A University of Idaho crop researcher is trying to work out the agronomics of raising food-quality fall peas as a high yielding rotation crop for farmers in the state’s panhandle.  The UI’s Kurt Schroeder says while local growers have planted fall peas in the past as a cover crop, planting them for food is very different.  He said one of the challenges, out of the gate, is planting depth.


“My thought was always to plant them about 1”-1 ½" deep, let's get him out of the ground fast and get them growing.  That works great with the spring pea, but with a fall sown pea that doesn't work so well, because that shallower seating depth the growing point of that plant is too close to the surface and it's vulnerable to winter injury. So planting that seed deeper, deeper than you really think would be would be beneficial for winter pea but going down 2”-3” helps to protect that growing point of that plant.”

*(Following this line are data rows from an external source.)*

definition coordinate_map ::
  "'b set \<Rightarrow> ('b \<Rightarrow> real) \<Rightarrow> ('b \<Rightarrow> real) \<Rightarrow> ('b \<Rightarrow> 'a) \<Rightarrow> ('a \<Rightarrow> real) \<Rightarrow> 'b \<Rightarrow> real" where
  "coordinate_map N \<alpha> \<beta> \<sigma> x n = (if n \<in> N then \<alpha> n + \<beta> n * x (\<sigma> n) else 0)"

lemma affine_on_coordinate_map: "affine_on S (coordinate_map N \<alpha> \<beta> \<sigma>)"
  unfolding affine_on_def
proof (intro allI impI ext)
  fix T and c :: "_ \<Rightarrow> real" and n assume T: "finite T \<and> T \<subseteq> S \<and> sum c T = 1"
  have "\<alpha> n = (\<Sum>x\<in>T. c x * \<alpha> n)" using T by (simp add: sum_distrib_right[symmetric])
  then show "coordinate_map N \<alpha> \<beta> \<sigma> (\<lambda>a. \<Sum>x\<in>T. c x * x a) n
      = (\<Sum>x\<in>T. c x * coordinate_map N \<alpha> \<beta> \<sigma> x n)"
    by (simp add: coordinate_map_def algebra_simps sum.distrib sum_distrib_left)
qed

lemma coordinate_map_int_points:
  assumes "\<And>n. n \<in> N \<Longrightarrow> \<alpha> n \<in> \<int> \<and> \<beta> n \<in> \<int>"
  shows "coordinate_map N \<alpha> \<beta> \<sigma> ` int_points \<subseteq> int_points"
  using assms unfolding int_points_def coordinate_map_def by auto

lemma integral_affinely_equivalent_coordinate_mapI:
  assumes \<phi>: "\<phi> = coordinate_map N \<alpha> \<beta> \<sigma>" and \<psi>: "\<psi> = coordinate_map A \<gamma> \<delta> \<tau>"
    and vanishing: "P \<subseteq> {x. \<forall>a. a \<notin> A \<longrightarrow> x a = 0}"
    and inverse: "\<And>x. \<forall>a. a \<notin> A \<longrightarrow> x a = 0 \<Longrightarrow> \<psi> (\<phi> x) = x"
    and membership: "\<And>x. \<forall>a. a \<notin> A \<longrightarrow> x a = 0 \<Longrightarrow> \<phi> x \<in> Q \<longleftrightarrow> x \<in> P"
    and surjective: "\<And>y. y \<in> Q \<Longrightarrow> \<phi> (\<psi> y) = y"
    and "\<And>n. n \<in> N \<Longrightarrow> \<alpha> n \<in> \<int> \<and> \<beta> n \<in> \<int>" "\<And>a. a \<in> A \<Longrightarrow> \<gamma> a \<in> \<int> \<and> \<delta> a \<in> \<int>"
  shows "integral_affinely_equivalent P Q"
proof (rule integral_affinely_equivalentI[where \<phi> = \<phi> and \<psi> = \<psi>, OF _ vanishing inverse])
  show "affine_on (aff_span P) \<phi>"
    unfolding \<phi> by (rule affine_on_coordinate_map)
  show "\<phi> ` int_points \<subseteq> int_points"
    unfolding \<phi> using assms(7) by (rule coordinate_map_int_points)
  show "\<psi> ` int_points \<subseteq> int_points"
    unfolding \<psi> using assms(8) by (rule coordinate_map_int_points)
  show "\<phi> ` P = Q"
  proof
    show "\<phi> ` P \<subseteq> Q"
      using membership vanishing by blast
    show "Q \<subseteq> \<phi> ` P"
    proof
      fix y assume y: "y \<in> Q"
      have "\<forall>a. a \<notin> A \<longrightarrow> \<psi> y a = 0"
        unfolding \<psi> coordinate_map_def by simp
      then have "\<psi> y \<in> P" using membership surjective[OF y] y by metis
      then show "y \<in> \<phi> ` P" using surjective[OF y] by (metis image_eqI)
    qed
  qed
qed

lemma ball_Plus_iff: "(\<forall>e\<in>A <+> B. P e) \<longleftrightarrow> (\<forall>a\<in>A. P (Inl a)) \<and> (\<forall>b\<in>B. P (Inr b))"
  by auto

(* Vertices Inl v are those of Q and Inr a is the vertex subdividing the arrow a;
   the arrow Inl a leads to the head of a and Inr a to its tail. *)
fun subdivision_source :: "'a + 'a \<Rightarrow> 'v + 'a" where
  "subdivision_source (Inl a) = Inr a"
| "subdivision_source (Inr a) = Inr a"

fun subdivision_target :: "('a \<Rightarrow> 'v) \<Rightarrow> ('a \<Rightarrow> 'v) \<Rightarrow> 'a + 'a \<Rightarrow> 'v + 'a" where
  "subdivision_target s t (Inl a) = Inl (t a)"
| "subdivision_target s t (Inr a) = Inl (s a)"

fun subdivision_weight ::
  "'a set \<Rightarrow> ('a \<Rightarrow> 'v) \<Rightarrow> ('a \<Rightarrow> 'v) \<Rightarrow> ('v \<Rightarrow> int) \<Rightarrow> ('a \<Rightarrow> int) \<Rightarrow> ('a \<Rightarrow> int) \<Rightarrow> 'v + 'a \<Rightarrow> int"
where
  "subdivision_weight A s t \<theta> l u (Inl v) = \<theta> v - (\<Sum>a\<in>{a\<in>A. t a = v}. l a) + (\<Sum>a\<in>{a\<in>A. s a = v}. u a)"
| "subdivision_weight A s t \<theta> l u (Inr a) = l a - u a"

lemma subdivision_balance_Inl:
  fixes y :: "'a + 'a \<Rightarrow> real"
  assumes "finite A"
  shows "(\<Sum>e\<in>{e\<in>A <+> A. subdivision_target s t e = Inl v}. y e)
      - (\<Sum>e\<in>{e\<in>A <+> A. subdivision_source e = (Inl v :: 'v + 'a)}. y e)
    = (\<Sum>a\<in>{a\<in>A. t a = v}. y (Inl a)) + (\<Sum>a\<in>{a\<in>A. s a = v}. y (Inr a))"
proof -
  have targets: "{e\<in>A <+> A. subdivision_target s t e = Inl v} = {a\<in>A. t a = v} <+> {a\<in>A. s a = v}"
    by auto
  have sources: "{e\<in>A <+> A. subdivision_source e = (Inl v :: 'v + 'a)} = {}"
    by auto
  show ?thesis
    unfolding targets sources using assms by (simp add: sum.Plus)
qed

Schroeder says the UI received a grant from the pulse health initiative, to explore more of their work.  Not only seeding depth, but questions around soil.


“The other thing that we're wanting to look at is exploring, again that soil pH side of things and looking at different types of inoculum, different sources of inoculum, to see whether we can help boost the seedling vigor.  Kind of some areas that we're currently looking at exploring with this new grant and hopefully developing some strategies that will improve the growth and performance of the winter pea.”